An exceptionally vivid cartoon version of Kipling’s message titled “The White Man’s Burden (Apologies to Rudyard Kipling)” was published in Judge on April 1, 1899. “Barbarism” lies at the base of the mountain to be climbed by Uncle Sam and John Bull—with “civilization” far off at the hoped-for end of the journey, where a glowing figure proffers “education” and “liberty.” The fifth stanza of Kipling’s poem refers to an ascent toward the light:
The cry of hosts ye humour
(Ah, slowly!) toward the light:—
“Why brought he us from bondage,
Our loved Egyptian night?”
Barbarism’s companion attributes of backwardness, spelled out on the boulders underfoot, include oppression, brutality, vice, cannibalism, slavery, and cruelty. Britain leads the way in this harsh rendering, shouldering the burden of “China,” “India,” “Egypt,” and “Soudan.” The United States staggers behind carrying grotesque racist caricatures labeled “Filipino,” “Porto Rico,” “Cuba,” “Samoa,” and “Hawaii.”
The racism and contempt for non-Western others that undergirds Kipling’s famous poem—and the “civilizing mission” in general—is unmistakable here. At the same time, the distinction the artist draws between Britain’s burden and America’s is striking. America’s recent subjugated populations are savage, unruly, and rebellious—literally visually “half devil and half child,” as Kipling would have it. By contrast, with the exception of Sudan, the burden Britain bears reflects backward older cultures that look forward to “civilization” or back, condescendingly, at those people, cultures, and societies deemed even closer than they to “barbarism.” Both visually and textually, the “white man’s burden” was steeped in derision of non-white, non-Western, non-Christian others.
“The White Man’s Burden (Apologies to Rudyard Kipling).” Victor Gillam, Judge, April 1, 1899. Source: CGACGA, The Ohio State University, Billy Ireland Cartoon Library & Museum
The U.S. follows Britain’s imperial lead carrying people from “Barbarism” at the base of the hill to “Civilization” at its summit. In this blatantly racist rendering, America’s newly subjugated people appear far more primitive and barbaric than the older empire’s load.

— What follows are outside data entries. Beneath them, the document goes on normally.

lemma myopic_state_heavy_card_ge:
  assumes st: "myopic_state \<Omega> \<I> f G" and M: "matroid \<Omega> \<I>"
    and light: "x \<in> G" "f {x} < t"
    and S: "S \<in> \<I>" "\<forall>s\<in>S. t \<le> f {s}"
  shows "card S \<le> card {g\<in>G. t \<le> f {g}}"
  using st light
proof (induction arbitrary: x)
  case start
  then show ?case by simp
next
  case (step A a)
  have finA: "finite (insert a A)"
    using matroid_indep_finite(1)[OF M step.hyps(4)] .
  show ?case
  proof (cases "\<exists>y\<in>A. f {y} < t")
    case True
    then have "card S \<le> card {g\<in>A. t \<le> f {g}}" using step.IH by blast
    also have "\<dots> \<le> card {g\<in>insert a A. t \<le> f {g}}"
      by (rule card_mono) (use finA in auto)
    finally show ?thesis .
  next
    case False
    then have light_a: "f {a} < t" using step.prems by auto
    with False have heavy_part: "{g\<in>insert a A. t \<le> f {g}} = A" by auto
    show ?thesis
    proof (rule ccontr)
      assume "\<not> ?thesis"
      then have "card A < card S" using heavy_part by simp
      then obtain y where y: "y \<in> S - A" "insert y A \<in> \<I>"
        using matroidD(5)[OF M myopic_state_indep[OF step.hyps(1) M] S(1)] by blast
      have "y \<in> \<Omega>" using matroidD(2)[OF M] S(1) y(1) by blast
      then have "f {y} \<le> f {a}" using step.hyps(5) y by blast
      with light_a S(2) y(1) show False by force
    qed
  qed
qed
lemma sym_mat_eigenvector_in_invariant_subspace:
  fixes P :: "real^'n^'n"
  assumes sym: "sym_mat P" and V: "subspace V" and "V \<noteq> {0}"
    and inv: "\<And>x. x \<in> V \<Longrightarrow> P *v x \<in> V"
  obtains u l where "u \<in> V" "norm u = 1" "P *v u = l *\<^sub>R u"
proof -
  define f where "f x = inner x (P *v x)" for x :: "real^'n"
  define K where "K = V \<inter> sphere 0 1"
  have "compact K" unfolding K_def using closed_subspace[OF V] by (simp add: closed_Int_compact)
  obtain x0 where "x0 \<in> V" "x0 \<noteq> 0" using \<open>V \<noteq> {0}\<close> subspace_0[OF V] by blast
  then have "x0 /\<^sub>R norm x0 \<in> K" unfolding K_def using V by (simp add: subspace_scale)
  moreover have "continuous_on K f"
    unfolding f_def by (intro continuous_intros linear_continuous_on linear_linear) simp
  ultimately obtain u where "u \<in> K" and umax: "\<And>y. y \<in> K \<Longrightarrow> f y \<le> f u"
    using continuous_attains_sup[OF \<open>compact K\<close>] by blast
  then have "u \<in> V" and "norm u = 1" unfolding K_def by auto
  have "f x \<le> f u * inner x x" if "x \<in> V" for x
  proof (cases "x = 0")
    case False
    then have "x /\<^sub>R norm x \<in> K" unfolding K_def using that V by (simp add: subspace_scale)
    moreover have "f (x /\<^sub>R norm x) = f x / (norm x)\<^sup>2"
      by (simp add: f_def matrix_vector_mult_scaleR power2_eq_square field_simps)
    ultimately have "f x / (norm x)\<^sup>2 \<le> f u" using umax by metis
    with False show ?thesis by (simp add: divide_le_eq dot_square_norm mult.commute)
  qed (simp add: f_def)
  then have "P *v u = f u *\<^sub>R u"
    using rayleigh_maximizer_eigenvector[OF sym V inv \<open>u \<in> V\<close>, of "f u"] \<open>norm u = 1\<close>
    unfolding f_def by (simp add: dot_square_norm)
  with \<open>u \<in> V\<close> \<open>norm u = 1\<close> show thesis by (rule that)
qed

lemma span_insert_orthogonal_complement:
  assumes V: "subspace V" and u: "u \<in> V" "norm u = 1"
    and S: "span S = V \<inter> {x. inner u x = 0}"
  shows "span (insert u S) = V"
proof
  show "span (insert u S) \<subseteq> V"
  proof (rule span_minimal)
    show "insert u S \<subseteq> V" using S u span_superset[of S] by blast
  qed (rule V)
  show "V \<subseteq> span (insert u S)"
  proof
    fix x assume "x \<in> V"
    have "x - inner u x *\<^sub>R u \<in> span S"
      using \<open>x \<in> V\<close> u V S
      by (simp add: subspace_diff subspace_scale inner_diff_right dot_square_norm)
    then have "x - inner u x *\<^sub>R u \<in> span (insert u S)"
      using span_mono[of S "insert u S"] by blast
    moreover have "inner u x *\<^sub>R u \<in> span (insert u S)"
      by (simp add: span_base span_scale)
    ultimately show "x \<in> span (insert u S)" using span_add by fastforce
  qed
qed

lemma sym_mat_orthonormal_eigenbasis:
  fixes P :: "real^'n^'n"
  assumes sym: "sym_mat P"
  shows "subspace V \<Longrightarrow> (\<And>x. x \<in> V \<Longrightarrow> P *v x \<in> V) \<Longrightarrow>
    \<exists>S \<subseteq> V. pairwise orthogonal S \<and> (\<forall>u\<in>S. norm u = 1 \<and> (\<exists>l. P *v u = l *\<^sub>R u)) \<and> span S = V"
proof (induction "dim V" arbitrary: V rule: less_induct)
  case (less V)
  show ?case
  proof (cases "V = {0}")
    case True
    then show ?thesis by (intro exI[of _ "{}"]) auto
  next
    case False
    obtain u l where "u \<in> V" "norm u = 1" "P *v u = l *\<^sub>R u"
      using sym_mat_eigenvector_in_invariant_subspace[OF sym less.prems(1) False less.prems(2)] .
    define W where "W = V \<inter> {x. inner u x = 0}"
    have "subspace W" unfolding W_def by (intro subspace_inter less.prems(1) subspace_hyperplane)
    moreover have "P *v x \<in> W" if "x \<in> W" for x
      using that less.prems(2) \<open>P *v u = l *\<^sub>R u\<close> sym_mat_inner[OF sym, of u x]
      unfolding W_def by auto
    moreover have "dim W < dim V"
    proof (rule dim_psubset)
      have "u \<notin> W" using \<open>norm u = 1\<close> by (auto simp: W_def dot_square_norm)
      moreover have "W \<subseteq> V" unfolding W_def by blast
      ultimately have "W \<subset> V" using \<open>u \<in> V\<close> by blast
      then show "span W \<subset> span V"
        using \<open>subspace W\<close> less.prems(1) by (metis span_eq_iff)
    qed
    ultimately obtain S' where S': "S' \<subseteq> W" "pairwise orthogonal S'"
      "\<forall>v\<in>S'. norm v = 1 \<and> (\<exists>l. P *v v = l *\<^sub>R v)" "span S' = W"
      using less.hyps by blast
    have "span (insert u S') = V"
      using span_insert_orthogonal_complement[OF less.prems(1) \<open>u \<in> V\<close> \<open>norm u = 1\<close>] S'(4)
      unfolding W_def .
    moreover have "pairwise orthogonal (insert u S')"
      using S'(1,2) by (auto simp: pairwise_insert W_def orthogonal_def inner_commute)
    ultimately show ?thesis
      using S' \<open>u \<in> V\<close> \<open>norm u = 1\<close> \<open>P *v u = l *\<^sub>R u\<close>
      by (intro exI[of _ "insert u S'"]) (auto simp: W_def)
  qed
qed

Shortly after Kipling’s poem appeared, the consistently anti-imperialist Life fired back with a decidedly different view of the white man’s burden on its March 16, 1899 cover: a cartoon that showed the foreign powers riding on the backs of their colonial subjects. The black-and-white drawing by William H. Walker captured the harsh reality behind the ideal of benevolent assimilation, depicting imperialists Uncle Sam, John Bull, Kaiser Wilhelm, and, coming into view, a figure that probably represents France, as burdens carried by vanquished non-white peoples. The addition of an exclamation point in the caption, “The White (!) Man’s Burden,” emphasized its hypocrisy. The U.S. appears to be carried by the Philippines, Great Britain by India, and Germany by Africa. Although Wilhelm II was famous for introducing the concept of a “yellow peril,” Germany’s major colonial possessions were in Africa.

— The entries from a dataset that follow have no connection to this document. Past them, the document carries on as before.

context
  fixes W :: "real \<Rightarrow> real^'s^'d" and W' :: "real^'s^'d" and \<tau> :: real
  assumes W': "(W has_vector_derivative W') (at_right \<tau>)"
    and inj: "inj ((*v) (W \<tau>))" and inj_near: "\<forall>\<^sub>F t in at_right \<tau>. inj ((*v) (W t))"
begin

lemma spec_norm_proj_onb_has_right_derivative:
  defines "P \<equiv> onb_matrix TYPE('s) (col_space (W \<tau>))"
  shows "((\<lambda>t. spec_norm ((mat 1 - P ** transpose P) ** onb_matrix TYPE('s) (col_space (W t))))
    has_real_derivative
      spec_norm ((mat 1 - P ** transpose P) ** W' ** matrix_inv (mat_sqrt (transpose (W \<tau>) ** W \<tau>))))
    (at_right \<tau>)"
proof -
  have P: "orthonormal_cols P" "col_space P = col_space (W \<tau>)"
    using onb_matrix_col_space[OF inj] by (simp_all add: P_def)
  have "((\<lambda>t. spec_norm ((mat 1 - P ** transpose P) ** onb_matrix TYPE('s) (col_space (W t)))
      / (t - \<tau>)) \<longlongrightarrow>
      spec_norm ((mat 1 - P ** transpose P) ** W' ** matrix_inv (mat_sqrt (transpose (W \<tau>) ** W \<tau>))))
      (at_right \<tau>)"
  proof (rule tendsto_spec_norm_proj_onb_quotient)
    show "\<forall>\<^sub>F t in at_right \<tau>. 0 < t - \<tau> \<and> orthonormal_cols (onb_matrix TYPE('s) (col_space (W t))) \<and>
        col_space (onb_matrix TYPE('s) (col_space (W t))) = col_space (W t)"
      using inj_near eventually_at_right_less[of \<tau>]
      by eventually_elim (simp add: onb_matrix_col_space)
    show "((\<lambda>t. (W t - W \<tau>) /\<^sub>R (t - \<tau>)) \<longlongrightarrow> W') (at_right \<tau>)"
      by (rule has_vector_derivative_tendsto_quotient[OF W'])
    show "(W \<longlongrightarrow> W \<tau>) (at_right \<tau>)"
      using has_vector_derivative_continuous[OF W'] by (simp add: continuous_within)
  qed (use P proj_complement_annihilates orthonormal_cols_gram_normalize[OF inj]
      invertible_inv_gram_sqrt[OF inj] in auto)
  then show ?thesis
    using spec_norm_proj_complement_self[OF P(1)]
    by (simp add: has_field_derivative_iff P_def)
qed

lemma max_principal_angle_has_right_derivative:
  defines "P \<equiv> onb_matrix TYPE('s) (col_space (W \<tau>))"
  shows "((\<lambda>t. max_principal_angle TYPE('s) (col_space (W \<tau>)) (col_space (W t)))
    has_real_derivative
      spec_norm ((mat 1 - P ** transpose P) ** W' ** matrix_inv (mat_sqrt (transpose (W \<tau>) ** W \<tau>))))
    (at_right \<tau>)"
proof -
  define \<nu> where "\<nu> t = spec_norm ((mat 1 - P ** transpose P) ** onb_matrix TYPE('s) (col_space (W t)))"
    for t
  have angle: "max_principal_angle TYPE('s) (col_space (W \<tau>)) (col_space (W t)) = arcsin (\<nu> t)"
    if "inj ((*v) (W t))" for t
    using max_principal_angle_eq_arcsin[OF inj that] by (simp add: \<nu>_def P_def)
  have "\<nu> \<tau> = 0"
    using spec_norm_proj_complement_self onb_matrix_col_space(1)[OF inj] by (simp add: \<nu>_def P_def)
  then have "DERIV arcsin (\<nu> \<tau>) :> 1"
    using DERIV_arcsin[of 0] by simp
  then have "((\<lambda>t. arcsin (\<nu> t)) has_real_derivative
      1 * spec_norm ((mat 1 - P ** transpose P) ** W' ** matrix_inv (mat_sqrt (transpose (W \<tau>) ** W \<tau>))))
      (at_right \<tau>)"
    using spec_norm_proj_onb_has_right_derivative unfolding \<nu>_def P_def by (rule DERIV_chain2)
  moreover have "\<forall>\<^sub>F t in at_right \<tau>.
      max_principal_angle TYPE('s) (col_space (W \<tau>)) (col_space (W t)) = arcsin (\<nu> t)"
    using inj_near by eventually_elim (rule angle)
  ultimately show ?thesis
    using angle[OF inj] by (subst has_field_derivative_cong_eventually) auto
qed

end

“The White (!) Man’s Burden” William H. Walker, cover illustration, Life, March 16, 1899. Source: William H. Walker Cartoon Collection, Princeton University Library
An exclamation point was added to the phrase, “The White (!) Man’s Burden,” in the caption to this Life cover published shortly after Kipling’s poem. Imperialists Uncle Sam, John Bull, Kaiser Wilhelm, and, in the distance, probably France are borne on the backs of subjugated people in the Philippines, India, and Africa.
PROGRESS & PROFITS
“Auto-Truck of Civilization and Trade”: the Asia Market
Civilization and trade went hand in hand in turn-of-the-century imperialism. Progress was promoted as an unassailable value that would bring the world’s barbarians into modern times for their own good and the good of global commerce. As the U.S. moved into the Pacific, “China’s millions” represented an enticing new market, but the eruption of the anti-Christian, anti-foreign Boxer movement threatened the civilizing mission there.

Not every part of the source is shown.